On the days when I just really felt like I didn’t want to be here, I can remember thinking that taking my life would mean I would be free. I think about heaven a lot. I think about being with the ones that have passed on that I didn’t get closure with, and how it’s a beautiful place, and paradise, and there’s no more hurt, or fear, or pain… and when I think of that I get excited and scared at the same time. And then I feel an extreme amount of guilt, because my kids and my grandkids are here. So I’m very torn. I think about death a lot, but not so much about killing myself anymore necessarily. I do have a fear of suffering, but not really of dying. I think what I want, and what so many people like me want, is just that feeling of peace, because it’s constant turmoil. I think about not being here, but I immediately feel guilty for feeling that way. But I have dreams of me laying in a casket. I have dreams of my headstone, but that doesn’t necessarily mean I want to die.

My dream for the future is that people can just enjoy the life they’ve been given, and be able to make a difference in the lives of others, which I really believe is our purpose. I want people to realize that, because we only have one shot, and you might as well make a difference. I think that’s what was so frustrating for me being home, because I knew that. I knew I only had one shot and I was wasting away. So that’s why I came out, guns blazing. This was supposed to be the part of my life that I was going to enjoy with my family. My husband and I were going to travel, and we talked about these things the whole time I was sick. We made vision boards of all of these things we were going to do. And now that he’s gone, I’m so scared to death. And I don’t know what I’m going to do.

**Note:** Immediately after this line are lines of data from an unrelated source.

(* Let $\tau>0$, $\varepsilon>0$ and $A\ge\frac1{16}$. Let $\phi^0,\phi^1\in\mathcal C_{\rm per}$ with $\overline{\phi^0}=\overline{\phi^1}=0$, and let $(\phi^k)_{k\ge0}$ be the sequence generated by the scheme below. Let $C_1>0$ be a constant such that $\|\Delta_h\psi\|_2^2\ge C_1\|\psi\|_{H_h^2}^2$ for all $\psi\in\mathcal C_{\rm per}$ with $\overline\psi=0$. Set $C_0=\tilde F_h(\phi^1,\phi^0)$. Then for every $k\ge1$, $$\|\phi^k\|_{H_h^2}\le\sqrt{\frac{2(C_0+|\Omega|)}{C_1\varepsilon^2}}.$$
   Context: Let $L>0$, $N$ a positive integer, $h=L/N$, $\Omega=(0,L)^2$, $|\Omega|=L^2$. $\mathcal C_{\rm per}$ is the space of real grid functions $\phi_{i,j}$ ($i,j\in\mathbb Z$), $N$-periodic in each index, with mean $\overline\phi=\frac{h^2}{L^2}\sum_{i,j=1}^N\phi_{i,j}$. Vertex functions $g_{i+\frac12,j+\frac12}$ are periodic. Norms: $\|\phi\|_p^p=h^2\sum_{i,j=1}^N|\phi_{i,j}|^p$. Standard operators: - $D_x\phi_{i+\frac12,j}=(\phi_{i+1,j}-\phi_{i,j})/h$ and $D_y\phi_{i,j+\frac12}=(\phi_{i,j+1}-\phi_{i,j})/h$. - $\|\nabla_h\phi\|_2^2=h^2\sum_{i,j=1}^N[(D_x\phi_{i+\frac12,j})^2+(D_y\phi_{i,j+\frac12})^2]$. - $\Delta_h\phi_{i,j}=h^{-2}(\phi_{i+1,j}+\phi_{i-1,j}+\phi_{i,j+1}+\phi_{i,j-1}-4\phi_{i,j})$ and $\Delta_h^2=\Delta_h\Delta_h$. - $\|\phi\|_{H_h^2}^2=\|\phi\|_2^2+\|\nabla_h\phi\|_2^2+\|\Delta_h\phi\|_2^2$. Center-to-vertex differences: - $\mathfrak D_x\phi_{i+\frac12,j+\frac12}=\frac1{2h}(\phi_{i+1,j+1}-\phi_{i,j+1}+\phi_{i+1,j}-\phi_{i,j})$. - $\mathfrak D_y\phi_{i+\frac12,j+\frac12}=\frac1{2h}(\phi_{i+1,j+1}-\phi_{i+1,j}+\phi_{i,j+1}-\phi_{i,j})$. - $|\nabla_h^{\mathsf v}\phi|^2=(\mathfrak D_x\phi)^2+(\mathfrak D_y\phi)^2$ and $\|\nabla_h^{\mathsf v}\phi\|_p^p=h^2\sum_{i,j=1}^N|\nabla_h^{\mathsf v}\phi|^p_{i+\frac12,j+\frac12}$. Vertex-to-center differences: - $\mathfrak d_xg_{i,j}=\frac1{2h}(g_{i+\frac12,j+\frac12}-g_{i-\frac12,j+\frac12}+g_{i+\frac12,j-\frac12}-g_{i-\frac12,j-\frac12})$. - $\mathfrak d_yg_{i,j}=\frac1{2h}(g_{i+\frac12,j+\frac12}-g_{i+\frac12,j-\frac12}+g_{i-\frac12,j+\frac12}-g_{i-\frac12,j-\frac12})$. Skew operators: - $\Delta_h^{\mathsf v}\phi=\mathfrak d_x\mathfrak D_x\phi+\mathfrak d_y\mathfrak D_y\phi$. - $\nabla_h^{\mathsf v}\cdot(|\nabla_h^{\mathsf v}\phi|^2\nabla_h^{\mathsf v}\phi)=\mathfrak d_x(r\mathfrak D_x\phi)+\mathfrak d_y(r\mathfrak D_y\phi)$ with $r=|\nabla_h^{\mathsf v}\phi|^2$. Energies: $$F_h(\phi)=\tfrac14\|\nabla_h^{\mathsf v}\phi\|_4^4-\tfrac12\|\nabla_h^{\mathsf v}\phi\|_2^2+\tfrac{\varepsilon^2}2\|\Delta_h\phi\|_2^2,$$ $$\tilde F_h(\phi,\psi)=F_h(\phi)+\tfrac1{4\tau}\|\phi-\psi\|_2^2+\tfrac12\|\nabla_h(\phi-\psi)\|_2^2.$$ Scheme: for $k\ge1$, $\phi^{k+1}\in\mathcal C_{\rm per}$ is the unique solution of $$\frac{3\phi^{k+1}-4\phi^k+\phi^{k-1}}{2\tau}=\nabla_h^{\mathsf v}\cdot(|\nabla_h^{\mathsf v}\phi^{k+1}|^2\nabla_h^{\mathsf v}\phi^{k+1})-\Delta_h^{\mathsf v}(2\phi^k-\phi^{k-1})-A\tau\Delta_h^2(\phi^{k+1}-\phi^k)-\varepsilon^2\Delta_h^2\phi^{k+1}.$$ *)

theory Defs
  imports Complex_Main
begin

text \<open>Grid functions: cell-centred values phi i j at (i,j) as functions int => int => real.
 A vertex function g at vertex (i+1/2, j+1/2) is stored as g i j.\<close>

type_synonym grid = "int \<Rightarrow> int \<Rightarrow> real"

definition periodic :: "nat \<Rightarrow> grid \<Rightarrow> bool" where
  "periodic N phi \<longleftrightarrow> (\<forall>i j. phi (i + int N) j = phi i j \<and> phi i (j + int N) = phi i j)"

I want to continue to make a difference in the mental health community, for sure. To give back, to be the voice for so many that have lost this battle. To leave a legacy for people to be proud of, and to build off of. I want to make up for the time I let my kids down. Because I know I was not a mother to them like I should’ve been, and that’s hard. I hope that someday they see that I wasn’t just lazy. I tried as hard as I could and fought as hard as I could. I want to make my kids proud.